### Task item
From the opening line of the records through the line bearing "by (simp add: vtri_area_def", set down every line exactly.

□ □ □ □

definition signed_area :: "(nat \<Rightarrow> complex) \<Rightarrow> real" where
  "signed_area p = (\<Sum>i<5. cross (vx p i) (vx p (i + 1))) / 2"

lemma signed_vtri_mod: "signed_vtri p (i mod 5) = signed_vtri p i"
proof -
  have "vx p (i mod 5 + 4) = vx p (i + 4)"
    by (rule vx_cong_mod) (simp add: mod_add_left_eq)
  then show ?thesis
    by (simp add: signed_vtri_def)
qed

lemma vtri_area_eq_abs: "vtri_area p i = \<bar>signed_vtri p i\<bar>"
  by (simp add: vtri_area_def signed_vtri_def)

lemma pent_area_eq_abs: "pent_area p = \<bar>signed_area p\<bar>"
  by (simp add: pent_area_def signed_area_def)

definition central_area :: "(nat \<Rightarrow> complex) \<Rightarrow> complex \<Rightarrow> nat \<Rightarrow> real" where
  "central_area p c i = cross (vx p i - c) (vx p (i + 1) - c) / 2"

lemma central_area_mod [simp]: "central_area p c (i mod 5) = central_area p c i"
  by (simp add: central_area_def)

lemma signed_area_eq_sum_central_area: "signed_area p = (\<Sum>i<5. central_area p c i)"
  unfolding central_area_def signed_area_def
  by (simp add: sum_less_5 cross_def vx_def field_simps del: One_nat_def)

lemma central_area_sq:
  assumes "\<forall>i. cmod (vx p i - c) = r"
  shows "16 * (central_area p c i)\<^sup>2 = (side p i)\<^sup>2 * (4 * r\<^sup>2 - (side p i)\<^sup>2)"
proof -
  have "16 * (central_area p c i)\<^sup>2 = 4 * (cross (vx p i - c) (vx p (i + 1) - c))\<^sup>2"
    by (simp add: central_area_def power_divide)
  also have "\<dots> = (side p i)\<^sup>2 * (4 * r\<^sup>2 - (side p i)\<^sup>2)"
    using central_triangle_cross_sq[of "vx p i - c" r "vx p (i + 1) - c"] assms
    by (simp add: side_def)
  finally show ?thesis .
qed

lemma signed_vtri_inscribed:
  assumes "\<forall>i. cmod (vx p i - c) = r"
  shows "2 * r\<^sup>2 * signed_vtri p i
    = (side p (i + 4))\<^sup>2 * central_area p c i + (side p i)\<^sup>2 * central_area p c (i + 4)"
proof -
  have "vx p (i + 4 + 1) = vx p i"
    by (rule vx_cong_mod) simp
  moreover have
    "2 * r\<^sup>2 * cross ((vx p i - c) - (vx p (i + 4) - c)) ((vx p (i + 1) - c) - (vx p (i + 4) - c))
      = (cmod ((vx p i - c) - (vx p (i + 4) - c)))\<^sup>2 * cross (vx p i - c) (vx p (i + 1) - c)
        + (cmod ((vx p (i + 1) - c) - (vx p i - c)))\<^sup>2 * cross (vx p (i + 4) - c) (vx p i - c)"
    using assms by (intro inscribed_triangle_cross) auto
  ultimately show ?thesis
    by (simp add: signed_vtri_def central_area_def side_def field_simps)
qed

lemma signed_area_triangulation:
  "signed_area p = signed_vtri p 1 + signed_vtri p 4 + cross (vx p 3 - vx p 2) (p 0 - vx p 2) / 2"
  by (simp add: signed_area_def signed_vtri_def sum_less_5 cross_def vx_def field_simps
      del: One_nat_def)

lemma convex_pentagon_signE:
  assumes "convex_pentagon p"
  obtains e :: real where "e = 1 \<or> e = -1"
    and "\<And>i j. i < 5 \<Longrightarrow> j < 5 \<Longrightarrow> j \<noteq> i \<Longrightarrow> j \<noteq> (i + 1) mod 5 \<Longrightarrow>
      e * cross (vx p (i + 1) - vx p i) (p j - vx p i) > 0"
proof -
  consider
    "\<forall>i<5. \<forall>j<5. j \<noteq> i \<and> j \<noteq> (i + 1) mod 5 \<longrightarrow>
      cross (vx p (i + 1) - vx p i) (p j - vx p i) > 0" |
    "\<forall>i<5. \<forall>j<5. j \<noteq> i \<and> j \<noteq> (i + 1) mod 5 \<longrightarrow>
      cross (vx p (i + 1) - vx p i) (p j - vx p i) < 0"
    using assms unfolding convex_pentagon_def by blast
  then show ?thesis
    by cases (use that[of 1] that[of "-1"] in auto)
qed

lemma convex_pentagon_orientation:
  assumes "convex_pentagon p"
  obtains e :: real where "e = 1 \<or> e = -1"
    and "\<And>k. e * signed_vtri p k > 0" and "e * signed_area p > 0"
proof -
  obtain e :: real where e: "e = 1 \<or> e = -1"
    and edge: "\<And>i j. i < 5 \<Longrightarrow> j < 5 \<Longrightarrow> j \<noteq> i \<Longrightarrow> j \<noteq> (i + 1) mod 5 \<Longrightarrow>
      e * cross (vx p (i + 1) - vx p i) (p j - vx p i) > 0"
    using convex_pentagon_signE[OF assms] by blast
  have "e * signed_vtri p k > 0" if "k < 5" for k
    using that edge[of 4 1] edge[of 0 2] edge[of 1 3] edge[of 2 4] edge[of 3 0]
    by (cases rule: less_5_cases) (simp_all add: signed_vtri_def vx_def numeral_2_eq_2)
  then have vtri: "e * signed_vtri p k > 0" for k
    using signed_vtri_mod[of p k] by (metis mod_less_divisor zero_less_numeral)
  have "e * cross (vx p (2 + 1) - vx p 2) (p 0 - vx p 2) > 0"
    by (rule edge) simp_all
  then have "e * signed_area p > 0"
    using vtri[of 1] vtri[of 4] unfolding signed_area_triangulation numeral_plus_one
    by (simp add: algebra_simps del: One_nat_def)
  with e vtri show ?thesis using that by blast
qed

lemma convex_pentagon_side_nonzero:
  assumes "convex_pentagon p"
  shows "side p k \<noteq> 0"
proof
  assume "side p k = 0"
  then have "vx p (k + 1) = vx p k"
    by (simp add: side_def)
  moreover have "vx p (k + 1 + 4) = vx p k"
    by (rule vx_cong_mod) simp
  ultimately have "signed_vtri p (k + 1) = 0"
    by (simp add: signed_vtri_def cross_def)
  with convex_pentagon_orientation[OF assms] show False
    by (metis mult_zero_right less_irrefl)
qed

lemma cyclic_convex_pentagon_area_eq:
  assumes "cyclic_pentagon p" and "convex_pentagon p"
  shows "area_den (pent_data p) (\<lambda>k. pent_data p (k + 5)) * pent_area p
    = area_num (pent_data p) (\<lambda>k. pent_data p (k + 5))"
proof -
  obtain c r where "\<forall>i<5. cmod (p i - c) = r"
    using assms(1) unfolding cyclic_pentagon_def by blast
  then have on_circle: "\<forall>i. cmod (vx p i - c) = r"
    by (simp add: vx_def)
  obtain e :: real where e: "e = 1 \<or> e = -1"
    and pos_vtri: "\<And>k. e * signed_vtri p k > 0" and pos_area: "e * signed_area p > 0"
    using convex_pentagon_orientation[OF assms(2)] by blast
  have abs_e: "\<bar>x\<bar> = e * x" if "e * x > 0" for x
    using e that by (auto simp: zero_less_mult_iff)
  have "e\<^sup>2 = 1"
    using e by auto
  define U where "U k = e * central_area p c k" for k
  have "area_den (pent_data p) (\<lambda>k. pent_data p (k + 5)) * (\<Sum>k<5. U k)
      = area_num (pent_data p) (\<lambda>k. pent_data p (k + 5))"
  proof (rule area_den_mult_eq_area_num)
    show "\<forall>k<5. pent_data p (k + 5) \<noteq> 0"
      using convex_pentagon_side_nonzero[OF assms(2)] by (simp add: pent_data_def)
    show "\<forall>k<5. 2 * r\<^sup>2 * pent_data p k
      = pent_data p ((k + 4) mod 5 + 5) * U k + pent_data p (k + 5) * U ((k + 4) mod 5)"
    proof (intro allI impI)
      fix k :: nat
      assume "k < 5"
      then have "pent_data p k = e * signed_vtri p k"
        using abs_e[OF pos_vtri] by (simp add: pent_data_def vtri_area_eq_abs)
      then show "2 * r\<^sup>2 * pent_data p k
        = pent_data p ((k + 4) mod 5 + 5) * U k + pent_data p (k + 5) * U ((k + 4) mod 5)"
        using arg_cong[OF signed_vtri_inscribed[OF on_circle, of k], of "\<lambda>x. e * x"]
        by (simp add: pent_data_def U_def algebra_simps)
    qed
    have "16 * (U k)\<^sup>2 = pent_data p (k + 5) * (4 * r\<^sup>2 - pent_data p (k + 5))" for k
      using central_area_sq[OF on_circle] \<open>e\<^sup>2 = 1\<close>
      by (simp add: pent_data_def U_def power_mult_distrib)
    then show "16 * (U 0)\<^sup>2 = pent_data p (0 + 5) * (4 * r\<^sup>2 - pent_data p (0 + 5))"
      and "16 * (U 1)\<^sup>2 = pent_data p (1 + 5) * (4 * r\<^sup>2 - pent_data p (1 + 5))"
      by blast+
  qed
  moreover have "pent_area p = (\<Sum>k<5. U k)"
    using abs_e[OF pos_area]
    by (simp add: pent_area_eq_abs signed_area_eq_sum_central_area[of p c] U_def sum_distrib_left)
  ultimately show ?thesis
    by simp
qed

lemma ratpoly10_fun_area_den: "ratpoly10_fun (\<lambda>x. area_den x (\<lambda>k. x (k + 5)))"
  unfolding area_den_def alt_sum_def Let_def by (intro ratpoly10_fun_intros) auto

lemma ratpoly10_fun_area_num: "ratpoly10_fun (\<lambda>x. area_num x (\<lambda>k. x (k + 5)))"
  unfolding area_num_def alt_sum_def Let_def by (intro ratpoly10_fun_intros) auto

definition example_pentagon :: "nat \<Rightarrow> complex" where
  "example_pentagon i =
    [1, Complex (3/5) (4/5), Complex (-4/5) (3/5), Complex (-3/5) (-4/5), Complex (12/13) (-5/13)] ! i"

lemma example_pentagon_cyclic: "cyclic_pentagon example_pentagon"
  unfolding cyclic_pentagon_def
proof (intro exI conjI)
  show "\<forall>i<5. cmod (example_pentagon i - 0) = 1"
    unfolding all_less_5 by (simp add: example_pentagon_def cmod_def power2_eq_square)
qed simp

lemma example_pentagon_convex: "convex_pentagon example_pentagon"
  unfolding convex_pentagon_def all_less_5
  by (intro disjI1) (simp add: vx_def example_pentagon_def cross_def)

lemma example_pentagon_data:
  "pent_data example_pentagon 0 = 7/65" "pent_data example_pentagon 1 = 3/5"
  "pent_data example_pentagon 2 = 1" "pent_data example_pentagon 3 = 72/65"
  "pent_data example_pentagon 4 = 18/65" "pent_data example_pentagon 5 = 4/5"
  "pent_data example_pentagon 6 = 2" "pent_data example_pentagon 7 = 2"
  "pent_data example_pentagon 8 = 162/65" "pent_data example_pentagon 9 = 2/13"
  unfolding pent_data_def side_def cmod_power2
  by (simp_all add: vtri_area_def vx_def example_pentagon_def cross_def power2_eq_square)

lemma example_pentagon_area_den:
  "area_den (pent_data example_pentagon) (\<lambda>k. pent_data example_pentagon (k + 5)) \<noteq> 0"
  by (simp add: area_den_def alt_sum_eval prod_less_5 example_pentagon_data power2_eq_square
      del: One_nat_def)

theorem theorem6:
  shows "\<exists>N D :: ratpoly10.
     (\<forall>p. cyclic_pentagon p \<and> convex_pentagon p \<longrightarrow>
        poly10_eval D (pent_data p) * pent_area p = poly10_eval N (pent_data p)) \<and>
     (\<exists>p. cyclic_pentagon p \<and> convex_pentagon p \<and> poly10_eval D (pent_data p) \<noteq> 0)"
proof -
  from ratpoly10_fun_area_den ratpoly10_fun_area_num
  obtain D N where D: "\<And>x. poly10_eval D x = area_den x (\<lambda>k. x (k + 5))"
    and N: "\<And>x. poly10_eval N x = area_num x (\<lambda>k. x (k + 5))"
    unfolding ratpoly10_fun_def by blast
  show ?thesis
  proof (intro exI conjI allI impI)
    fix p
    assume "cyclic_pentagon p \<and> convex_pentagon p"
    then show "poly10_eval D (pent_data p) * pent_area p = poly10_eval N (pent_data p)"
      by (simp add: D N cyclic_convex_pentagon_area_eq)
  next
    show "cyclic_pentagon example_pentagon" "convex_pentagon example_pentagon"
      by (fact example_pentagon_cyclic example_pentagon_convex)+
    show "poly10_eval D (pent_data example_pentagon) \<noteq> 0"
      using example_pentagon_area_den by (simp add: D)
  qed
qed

□ □ □ □

### Task output
definition signed_area :: "(nat \<Rightarrow> complex) \<Rightarrow> real" where
  "signed_area p = (\<Sum>i<5. cross (vx p i) (vx p (i + 1))) / 2"

lemma signed_vtri_mod: "signed_vtri p (i mod 5) = signed_vtri p i"
proof -
  have "vx p (i mod 5 + 4) = vx p (i + 4)"
    by (rule vx_cong_mod) (simp add: mod_add_left_eq)
  then show ?thesis
    by (simp add: signed_vtri_def)
qed

lemma vtri_area_eq_abs: "vtri_area p i = \<bar>signed_vtri p i\<bar>"
  by (simp add: vtri_area_def signed_vtri_def)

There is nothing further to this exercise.